--- Data to use Enclosed Below ---
(* There is an absolute constant $C>0$ such that the following holds. Let $0<\varepsilon\le 1$ and let $S$ and $T$ be configurations of $n\ge 2$ points each whose smallest enclosing discs have the same center, such that any two distinct points of $S$, and any two distinct points of $T$, are at distance at least $2+\varepsilon$. Then for every direction $\delta$ there exists a translation $\vec v=\lambda\delta$ with $\lambda\ge 0$ such that the unlabeled problem from $S$ to $T+\vec v$ is feasible, $|\vec v|\le C\,(r(S)+r(T))/\sqrt{\varepsilon}$, and $r(S\cup(T+\vec v))\le C\,(r(S)+r(T))/\sqrt{\varepsilon}$.
   Context: For $p\in\mathbb R^2$, $D(p)$ is the open unit disc centered at $p$. $r(P)$ is the radius of the smallest closed disc containing the point set $P$. The unlabeled problem from $S$ to $T'$ is feasible if there exist a bijection $M:S\to T'$ and an ordering $s_1,\dots,s_n$ of $S$ such that for each $i$ the region $\mathrm{conv}(D(s_i)\cup D(M(s_i)))$ swept by translating $D(s_i)$ straight to $M(s_i)$ is disjoint from $D(s_j)$ for all $j>i$ and from $D(M(s_j))$ for all $j<i$. *)

theory Defs
  imports "HOL-Analysis.Analysis"
begin

type_synonym pt = "real ^ 2"

definition udisc :: "pt \<Rightarrow> pt set" where
  "udisc p = ball p 1"

definition enc_radius :: "pt set \<Rightarrow> real" where
  "enc_radius P = Inf {r. \<exists>c. P \<subseteq> cball c r}"

definition enc_center :: "pt set \<Rightarrow> pt \<Rightarrow> bool" where
  "enc_center P c \<longleftrightarrow> P \<subseteq> cball c (enc_radius P)"

definition unlabeled_feasible :: "pt set \<Rightarrow> pt set \<Rightarrow> bool" where
  "unlabeled_feasible S T' \<longleftrightarrow>
     (\<exists>M ss. bij_betw M S T' \<and> distinct ss \<and> set ss = S \<and>
        (\<forall>i < length ss.
           (\<forall>j. i < j \<and> j < length ss \<longrightarrow>
              convex hull (udisc (ss ! i) \<union> udisc (M (ss ! i))) \<inter> udisc (ss ! j) = {}) \<and>
           (\<forall>j < i.
              convex hull (udisc (ss ! i) \<union> udisc (M (ss ! i))) \<inter> udisc (M (ss ! j)) = {})))"

end

theory Submission
  imports Defs
begin

text \<open>Sort S and T by decreasing projection onto \<delta>, match them in this order, and translate T
by \<lambda>\<delta> with \<lambda> = R + 2R/\<surd>\<epsilon>, where R = r(S) + r(T) bounds every distance between a point of S
and a point of T. Every displacement d = \<lambda>\<delta> + w with |w| \<le> R then deviates from \<delta> by an
angle whose sine is at most \<surd>\<epsilon>/2. Moving the discs in the sorted order, a disc still waiting
lies behind the moving centre with respect to \<delta>, and a parked disc lies ahead of the moving
disc's target. So the gap vector u between the centres, of length at least 2 + \<epsilon>, either
satisfies \<langle>u, d\<rangle> \<le> 0 or makes an angle with d whose cosine is at most \<surd>\<epsilon>/2; in both cases
its distance to the ray spanned by d is at least (2 + \<epsilon>)\<surd>(1 - \<epsilon>/4) \<ge> 2.\<close>

lemma norm_diff_scaleR_sq:
  fixes u d :: "'a::real_inner"
  shows "(norm (u - \<mu> *\<^sub>R d))\<^sup>2 = (norm u)\<^sup>2 - 2 * \<mu> * inner u d + \<mu>\<^sup>2 * (norm d)\<^sup>2"
  unfolding power2_norm_eq_inner
  by (simp add: inner_diff_left inner_diff_right inner_commute algebra_simps power2_eq_square)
--- End of Enclosed Data to use ---
Go through the data above and repeat all of it exactly.

(* There is an absolute constant $C>0$ such that the following holds. Let $0<\varepsilon\le 1$ and let $S$ and $T$ be configurations of $n\ge 2$ points each whose smallest enclosing discs have the same center, such that any two distinct points of $S$, and any two distinct points of $T$, are at distance at least $2+\varepsilon$. Then for every direction $\delta$ there exists a translation $\vec v=\lambda\delta$ with $\lambda\ge 0$ such that the unlabeled problem from $S$ to $T+\vec v$ is feasible, $|\vec v|\le C\,(r(S)+r(T))/\sqrt{\varepsilon}$, and $r(S\cup(T+\vec v))\le C\,(r(S)+r(T))/\sqrt{\varepsilon}$.
   Context: For $p\in\mathbb R^2$, $D(p)$ is the open unit disc centered at $p$. $r(P)$ is the radius of the smallest closed disc containing the point set $P$. The unlabeled problem from $S$ to $T'$ is feasible if there exist a bijection $M:S\to T'$ and an ordering $s_1,\dots,s_n$ of $S$ such that for each $i$ the region $\mathrm{conv}(D(s_i)\cup D(M(s_i)))$ swept by translating $D(s_i)$ straight to $M(s_i)$ is disjoint from $D(s_j)$ for all $j>i$ and from $D(M(s_j))$ for all $j<i$. *)

theory Defs
  imports "HOL-Analysis.Analysis"
begin

type_synonym pt = "real ^ 2"

definition udisc :: "pt \<Rightarrow> pt set" where
  "udisc p = ball p 1"

definition enc_radius :: "pt set \<Rightarrow> real" where
  "enc_radius P = Inf {r. \<exists>c. P \<subseteq> cball c r}"

definition enc_center :: "pt set \<Rightarrow> pt \<Rightarrow> bool" where
  "enc_center P c \<longleftrightarrow> P \<subseteq> cball c (enc_radius P)"

definition unlabeled_feasible :: "pt set \<Rightarrow> pt set \<Rightarrow> bool" where
  "unlabeled_feasible S T' \<longleftrightarrow>
     (\<exists>M ss. bij_betw M S T' \<and> distinct ss \<and> set ss = S \<and>
        (\<forall>i < length ss.
           (\<forall>j. i < j \<and> j < length ss \<longrightarrow>
              convex hull (udisc (ss ! i) \<union> udisc (M (ss ! i))) \<inter> udisc (ss ! j) = {}) \<and>
           (\<forall>j < i.
              convex hull (udisc (ss ! i) \<union> udisc (M (ss ! i))) \<inter> udisc (M (ss ! j)) = {})))"

end

theory Submission
  imports Defs
begin

text \<open>Sort S and T by decreasing projection onto \<delta>, match them in this order, and translate T
by \<lambda>\<delta> with \<lambda> = R + 2R/\<surd>\<epsilon>, where R = r(S) + r(T) bounds every distance between a point of S
and a point of T. Every displacement d = \<lambda>\<delta> + w with |w| \<le> R then deviates from \<delta> by an
angle whose sine is at most \<surd>\<epsilon>/2. Moving the discs in the sorted order, a disc still waiting
lies behind the moving centre with respect to \<delta>, and a parked disc lies ahead of the moving
disc's target. So the gap vector u between the centres, of length at least 2 + \<epsilon>, either
satisfies \<langle>u, d\<rangle> \<le> 0 or makes an angle with d whose cosine is at most \<surd>\<epsilon>/2; in both cases
its distance to the ray spanned by d is at least (2 + \<epsilon>)\<surd>(1 - \<epsilon>/4) \<ge> 2.\<close>

lemma norm_diff_scaleR_sq:
  fixes u d :: "'a::real_inner"
  shows "(norm (u - \<mu> *\<^sub>R d))\<^sup>2 = (norm u)\<^sup>2 - 2 * \<mu> * inner u d + \<mu>\<^sup>2 * (norm d)\<^sup>2"
  unfolding power2_norm_eq_inner
  by (simp add: inner_diff_left inner_diff_right inner_commute algebra_simps power2_eq_square)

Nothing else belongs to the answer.